# New lizard



## The Wave (Oct 22, 2003)

Another cage i made , his new home


----------



## The Wave (Oct 22, 2003)

Checking it out


----------



## The Wave (Oct 22, 2003)

...


----------



## The Wave (Oct 22, 2003)

Yes, i know how big they get and how mean they can be


----------



## The Wave (Oct 22, 2003)

I know he cannot stay in this set up for life,but it will last a wile,hope to get him under control in the next few weeks,then i can get some better pic's


----------



## Kory (Jun 5, 2003)

Looks like a nice set up man. Monitors are alot of fun once you can get them to settle down. Good luck


----------



## IDONTKARE47 (Jan 5, 2004)

nice monitor


----------



## Fruitbat (Jan 2, 2004)

Physco 1...

If I might make a suggestion about your cage....it would be a good idea to move the hardware cloth (wire) you have covering the vent hole to the OUTSIDE of the cage. I've seen MANY herps rub their noses completely raw on a setup like that. Just a suggestion, mind you!


----------



## kouma (Sep 1, 2003)

nice setup bro..and monitor!!


----------



## The Wave (Oct 22, 2003)

Fruitbat said:


> Physco 1...
> 
> If I might make a suggestion about your cage....it would be a good idea to move the hardware cloth (wire) you have covering the vent hole to the OUTSIDE of the cage. I've seen MANY herps rub their noses completely raw on a setup like that. Just a suggestion, mind you!

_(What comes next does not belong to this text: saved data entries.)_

(* Let $\alpha\in(0,1)$ and $\nu\in\mathcal M^+_\alpha(\mathbb R)$. Then there exists $\mu\in\mathcal M^+_1(\mathbb R)$ such that $$C_\alpha[\nu](z)=C_1[\mu](z),\qquad z\in\mathbb C^+,$$ if and only if $$\int_{(-\infty,0]}\frac{\log(|t|+1)\,\nu(dt)}{(1+|t|)^\alpha}<\infty.$$
   Context: $\mathbb C^+=\{z:\operatorname{Im}z>0\}$. For $\alpha\ge0$, $\mathcal M^+_\alpha(\mathbb R)$ is the set of positive Borel (Radon) measures $\mu$ on $\mathbb R$ with $\int_{\mathbb R}(1+|t|)^{-\alpha}\mu(dt)<\infty$. For $\alpha>0$, $C_\alpha[\mu](z)=\int_{\mathbb R}\frac{\mu(dt)}{(z+t)^\alpha}$, $z\in\mathbb C^+$, with the principal branch of the power. *)

theory Defs
  imports "HOL-Analysis.Analysis"
begin

text \<open>The class M^+_alpha(R): positive Borel measures mu on R with
  integral of (1+|t|)^(-alpha) finite (this also makes mu locally finite, i.e. Radon).\<close>
definition Mplus :: "real \<Rightarrow> real measure set" where
  "Mplus \<alpha> = {\<mu>. sets \<mu> = sets borel \<and>
      (\<integral>\<^sup>+ t. ennreal ((1 + \<bar>t\<bar>) powr (-\<alpha>)) \<partial>\<mu>) < \<infinity>}"

definition Cauchy_tr :: "real \<Rightarrow> real measure \<Rightarrow> complex \<Rightarrow> complex" where
  "Cauchy_tr \<alpha> \<mu> z = (\<integral> t. inverse ((z + complex_of_real t) powr complex_of_real \<alpha>) \<partial>\<mu>)"

end

theory Submission
  imports Defs "HOL-Complex_Analysis.Complex_Analysis"
begin

(* Put p = 1 / (1 - \<alpha>) and K = \<integral>\<^sub>0\<^sup>\<infinity> dx / (1 + x\<^sup>p). For w off the closed negative real axis,
   \<integral>\<^sub>0\<^sup>\<infinity> dx / (w + x\<^sup>p) = K w\<^sup>-\<^sup>\<alpha>: by scaling x for w > 0, and by analytic continuation in general.
   Hence C\<^sub>\<alpha>[\<nu>] = C\<^sub>1[\<mu>] for the image \<mu> of K\<^sup>-\<^sup>1 \<nu> \<otimes> dx|[0,\<infinity>) under (t, x) \<mapsto> t + x\<^sup>p, and
   \<mu> lies in M\<^sub>1\<^sup>+ as soon as G(t) = \<integral>\<^sub>0\<^sup>\<infinity> dx / (1 + |t + x\<^sup>p|) is \<nu>-integrable. Now
   G(t) = O((1 + |t|)\<^sup>-\<^sup>\<alpha>) for t \<ge> -1 and G(t) = O((1 + |t|)\<^sup>-\<^sup>\<alpha> log (1 + |t|)) for t < -1, the
   logarithm coming from the x near (-t)\<^sup>1\<^sup>/\<^sup>p where x\<^sup>p crosses -t.
   Conversely, \<integral>\<^sub>1\<^sup>\<infinity> -Im C(iy) dy / y is finite for C = C\<^sub>1[\<mu>] with \<mu> in M\<^sub>1\<^sup>+, while for
   C = C\<^sub>\<alpha>[\<nu>] it dominates a multiple of the logarithmic moment of \<nu> on (-\<infinity>, 0]; so no
   uniqueness theorem for the representing measure is needed. *)

section \<open>Cauchy transforms of measures of class \<open>M\<^sub>\<alpha>\<^sup>+\<close>\<close>

lemma Mplus_measurable_eq: "\<mu> \<in> Mplus a \<Longrightarrow> measurable \<mu> N = measurable borel N"
  by (intro measurable_cong_sets) (auto simp: Mplus_def)

lemma measurable_pair_lborel_eq:
  "sets \<mu> = sets borel \<Longrightarrow> measurable (\<mu> \<Otimes>\<^sub>M lborel) N = measurable (borel \<Otimes>\<^sub>M borel) N"
  by (intro measurable_cong_sets sets_pair_measure_cong) auto

lemma Mplus_sigma_finite:
  assumes \<mu>: "\<mu> \<in> Mplus a" and "0 \<le> a"
  shows "sigma_finite_measure \<mu>"
proof -
  have sets: "sets \<mu> = sets borel" and fin: "(\<integral>\<^sup>+t. ennreal ((1 + \<bar>t\<bar>) powr (-a)) \<partial>\<mu>) < \<infinity>"
    using \<mu> by (auto simp: Mplus_def)
  have "emeasure \<mu> {-real n..real n} < \<infinity>" for n :: nat
  proof -
    have "ennreal ((1 + real n) powr (-a)) * emeasure \<mu> {-real n..real n}
        = (\<integral>\<^sup>+t. ennreal ((1 + real n) powr (-a)) * indicator {-real n..real n} t \<partial>\<mu>)"
      using sets by (simp add: nn_integral_cmult_indicator)
    also have "\<dots> \<le> (\<integral>\<^sup>+t. ennreal ((1 + \<bar>t\<bar>) powr (-a)) \<partial>\<mu>)"
      using \<open>0 \<le> a\<close> by (intro nn_integral_mono) (auto simp: indicator_def intro!: powr_mono2')
    finally have "ennreal ((1 + real n) powr (-a)) * emeasure \<mu> {-real n..real n} < \<infinity>"
      using fin by (rule le_less_trans)
    then show ?thesis
      by (auto simp: ennreal_mult_less_top)
  qed
  moreover have "(\<Union>n::nat. {-real n..real n}) = UNIV"
  proof safe
    fix x :: real
    obtain n :: nat where "\<bar>x\<bar> \<le> real n"
      using real_arch_simple by blast
    then show "x \<in> (\<Union>n. {-real n..real n})"
      by (intro UN_I[of n]) (auto simp: abs_le_iff)
  qed auto
  ultimately show ?thesis
    unfolding sigma_finite_measure_def
    by (intro exI[of _ "range (\<lambda>n::nat. {-real n..real n})"])
       (auto simp: sets sets_eq_imp_space_eq[OF sets] less_top[symmetric])
qed
section \<open>Product measures and exponential streams\<close>

lemma measurable_fun_upd_PiM:
  "(\<lambda>z. (snd z)(i := fst z)) \<in> measurable (M i \<Otimes>\<^sub>M PiM J M) (PiM (insert i J) M)"
proof -
  have "(\<lambda>z. (snd z, fst z)) \<in> measurable (M i \<Otimes>\<^sub>M PiM J M) (PiM J M \<Otimes>\<^sub>M M i)"
    by measurable
  from measurable_compose[OF this measurable_add_dim] show ?thesis
    by simp
qed

lemma product_sigma_finite_lborel: "product_sigma_finite (\<lambda>_. lborel)"
  by (simp add: product_sigma_finite_def sigma_finite_lborel)

lemma sets_fun_upd_preimage:
  assumes "A \<in> sets (PiM (insert i J) M)" "t \<in> space (M i)"
  shows "{w \<in> space (PiM J M). w(i := t) \<in> A} \<in> sets (PiM J M)"
proof -
  have "(\<lambda>w. (t, w)) \<in> measurable (PiM J M) (M i \<Otimes>\<^sub>M PiM J M)"
    using assms(2) by measurable
  from measurable_compose[OF this measurable_fun_upd_PiM]
  have "(\<lambda>w. w(i := t)) \<in> measurable (PiM J M) (PiM (insert i J) M)"
    by simp
  from measurable_sets[OF this assms(1)] show ?thesis
    by (simp add: vimage_def Int_def conj_commute)
qed

definition std_exponential :: "real measure" where
  "std_exponential = density lborel (\<lambda>x. ennreal (exponential_density 1 x))"

lemma prob_space_std_exponential: "prob_space std_exponential"
  unfolding std_exponential_def by (rule prob_space_exponential_density) simp

lemma sets_std_exponential [measurable_cong]: "sets std_exponential = sets borel"
  by (simp add: std_exponential_def)

lemma space_std_exponential [simp]: "space std_exponential = UNIV"
  by (simp add: std_exponential_def)

lemma space_stream_space_std_exponential [simp]: "space (stream_space std_exponential) = UNIV"
  by (simp add: space_stream_space)

lemma prob_space_stream_space_std_exponential: "prob_space (stream_space std_exponential)"
  by (rule prob_space.prob_space_stream_space[OF prob_space_std_exponential])

lemma emeasure_std_exponential_greater:
  assumes "0 \<le> c"
  shows "emeasure std_exponential {x. c < x} = ennreal (exp (- c))"
proof -
  interpret prob_space std_exponential by (rule prob_space_std_exponential)
  have "distributed std_exponential lborel (\<lambda>x. x) (\<lambda>x. ennreal (exponential_density 1 x))"
    by (auto simp: distributed_def distr_id2 sets_std_exponential std_exponential_def)
  then have "\<P>(x in std_exponential. c < x) = exp (- c * 1)"
    by (rule exponential_distributedD_gt[OF _ assms]) simp
  then show ?thesis
    by (simp add: emeasure_eq_measure)
qed

lemma AE_std_exponential: "AE x in std_exponential. 0 < x \<and> x \<noteq> c"
proof -
  have "AE x in lborel. x \<noteq> 0" "AE x in lborel. x \<noteq> c"
    by (rule AE_lborel_singleton)+
  then have "AE x in lborel. 0 < ennreal (exponential_density 1 x) \<longrightarrow> 0 < x \<and> x \<noteq> c"
    by eventually_elim (auto simp: exponential_density_def)
  then show ?thesis
    unfolding std_exponential_def by (subst AE_density) auto
qed

lemma nn_integral_exp_std_exponential:
  assumes c: "0 < c"
  shows "(\<integral>\<^sup>+x. ennreal (exp (- x / c)) \<partial>std_exponential) = ennreal (c / (c + 1))"
proof -
  define l where "l = 1 + 1 / c"
  have l: "0 < l" using c by (simp add: l_def add_pos_pos)
  have dens: "ennreal (exponential_density 1 x) * ennreal (exp (- x / c))
      = ennreal (1 / l) * ennreal (exponential_density l x)" for x
  proof (cases "x < 0")
    case False
    have "- x * l = - x + - x / c"
      by (simp add: l_def algebra_simps)
    then have "exp (- x * l) = exp (- x) * exp (- x / c)"
      by (simp only: exp_add)
    then have "exp (- x) * exp (- x / c) = 1 / l * (l * exp (- x * l))"
      using l by simp
    then show ?thesis
      using False l by (simp add: exponential_density_def flip: ennreal_mult)
  qed (simp add: exponential_density_def)
  interpret prob_space "density lborel (\<lambda>x. ennreal (exponential_density l x))"
    by (rule prob_space_exponential_density[OF l])
  have total: "(\<integral>\<^sup>+x. ennreal (exponential_density l x) \<partial>lborel) = 1"
    using emeasure_space_1 by (simp add: emeasure_density)
  have "(\<integral>\<^sup>+x. ennreal (exp (- x / c)) \<partial>std_exponential)
      = (\<integral>\<^sup>+x. ennreal (exponential_density 1 x) * ennreal (exp (- x / c)) \<partial>lborel)"
    unfolding std_exponential_def by (rule nn_integral_density) measurable
  also have "\<dots> = (\<integral>\<^sup>+x. ennreal (1 / l) * ennreal (exponential_density l x) \<partial>lborel)"
    by (simp only: dens)
  also have "\<dots> = ennreal (1 / l)"
    by (subst nn_integral_cmult) (simp_all add: total)
  also have "1 / l = c / (c + 1)"
    using c by (simp add: l_def field_simps)
  finally show ?thesis .
qed

lemma nn_integral_exp_weighted_sum_stream:
  assumes "0 < c"
  shows "(\<integral>\<^sup>+s. ennreal (exp (- (\<Sum>j<i. s !! j / (real j + c)))) \<partial>stream_space std_exponential)
    = ennreal (c / (c + real i))"
  using assms
proof (induction i arbitrary: c)
  case 0
  interpret prob_space "stream_space std_exponential"
    by (rule prob_space_stream_space_std_exponential)
  show ?case
    using emeasure_space_1 0 by simp
next
  case (Suc i)
  interpret prob_space std_exponential by (rule prob_space_std_exponential)
  have c: "0 < c" by fact
  have split: "ennreal (exp (- (\<Sum>j<Suc i. (x ## s) !! j / (real j + c))))
      = ennreal (exp (- x / c)) * ennreal (exp (- (\<Sum>j<i. s !! j / (real j + (c + 1)))))" for x s
  proof -
    have "(\<Sum>j<Suc i. (x ## s) !! j / (real j + c)) = x / c + (\<Sum>j<i. s !! j / (real j + (c + 1)))"
      by (subst sum.lessThan_Suc_shift) (simp add: add_ac)
    then show ?thesis
      by (simp add: mult_exp_exp flip: ennreal_mult)
  qed
  have "(\<integral>\<^sup>+s. ennreal (exp (- (\<Sum>j<Suc i. s !! j / (real j + c)))) \<partial>stream_space std_exponential)
    = (\<integral>\<^sup>+x. \<integral>\<^sup>+s. ennreal (exp (- (\<Sum>j<Suc i. (x ## s) !! j / (real j + c))))
         \<partial>stream_space std_exponential \<partial>std_exponential)"
    by (rule nn_integral_stream_space) measurable
  also have "\<dots> = (\<integral>\<^sup>+x. \<integral>\<^sup>+s. ennreal (exp (- x / c)) * ennreal (exp (- (\<Sum>j<i. s !! j / (real j + (c + 1)))))
         \<partial>stream_space std_exponential \<partial>std_exponential)"
    by (simp only: split)
  also have "\<dots> = (\<integral>\<^sup>+x. ennreal (exp (- x / c)) * ennreal ((c + 1) / (c + 1 + real i)) \<partial>std_exponential)"
    using Suc.IH[of "c + 1"] c by (subst nn_integral_cmult) simp_all
  also have "\<dots> = ennreal (c / (c + 1)) * ennreal ((c + 1) / (c + 1 + real i))"
    using nn_integral_exp_std_exponential[OF c] by (subst nn_integral_multc) simp_all
  also have "\<dots> = ennreal (c / (c + real (Suc i)))"
    using c by (simp add: add_ac flip: ennreal_mult)
  finally show ?case .
qed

 Thanks for the suggestion,thats why i posted this,to get more input







had a 6' monitor years ago,can't recal all the things to take into consideration,this guy is unable to reach the vents at this time,but i will move them soon


----------



## jah maan (Jan 20, 2004)

im from malaysia and they are every where here you might want to get a big water bowl ... they like going for a dip ... they are also known as water monitors

did you know they use monitor lizards as indicators of dead bodies during natural disarsters casue they are attracted to the rotting bodies

what do you feed it man ?
mice


----------



## The Wave (Oct 22, 2003)

i knew some one would say somthing about the water lol,i took the 1st pic's before the water dish,and yes he likes to swim,can't wait till the weather is warmer so he can swim out side in a big ass pond i an seting up just for him


----------



## StuartDanger (Aug 7, 2003)

wow a whole pond for him, u sound like a great owner!


----------



## The Wave (Oct 22, 2003)

A pond with a waterfall will look awesome in my yard


----------



## rUBY84 (Jan 8, 2004)

physco 1 said:


> i knew some one would say somthing about the water lol,i took the 1st pic's before the water dish,and yes he likes to swim,can't wait till the weather is warmer so he can swim out side in a big ass pond i an seting up just for him


 wow - is he ever going to be spoiled!!!


----------



## piranha45 (Apr 8, 2003)

very cool. How big does this species get?


----------



## CrocKeeper (Dec 26, 2003)

Excellent pics, and nice enclosure!

salvator are wonderful varanids, and they grow much quicker than most people realize if fed a quality diet and given ful spectrum lighting..
Keep us posted on its growth..


----------



## The Wave (Oct 22, 2003)

Hey crockeeper,i was told this is the best light to use,what do you think ? have this and a fluorescent tube fixture in it at this time.


----------



## CrocKeeper (Dec 26, 2003)

I prefer Vita lights, and natural sunlight, but there are several other flourescent fixtures made with very high UVA/B outputs...reptisun and others...
as far as heat goes, I use ceramic heat emmiters, *especially* in enclosures with large amounts of water, as they do not shatter when water gets splashed onto them when they are on and hot...a lesson learned after retrieving broken pieces of glass out of MANY more than one enclosure...


----------



## The Wave (Oct 22, 2003)

Thanks for the tips


----------



## ANDY375HH (Jul 22, 2003)

weet lookin monitor my friend keeps nile monitors and they a nasty bastards


----------



## sweet lu (Oct 3, 2003)

you do know they get 8' and have super stinky poop


----------



## The Wave (Oct 22, 2003)

sweet lu said:


> you do know they get 8' and have super stinky poop










i know,thats why i got him


----------



## mattmatt123 (Nov 13, 2003)

wow man i was going to get a monitor too but instead i got an iguana how big does that one get and if you dont mind me asking how much was her ?


----------



## jah maan (Jan 20, 2004)

how much did he cost you?


----------



## Atlanta Braves Baby! (Mar 12, 2003)

Sweet monitor dude. I used to have a tegu awhile ago.


----------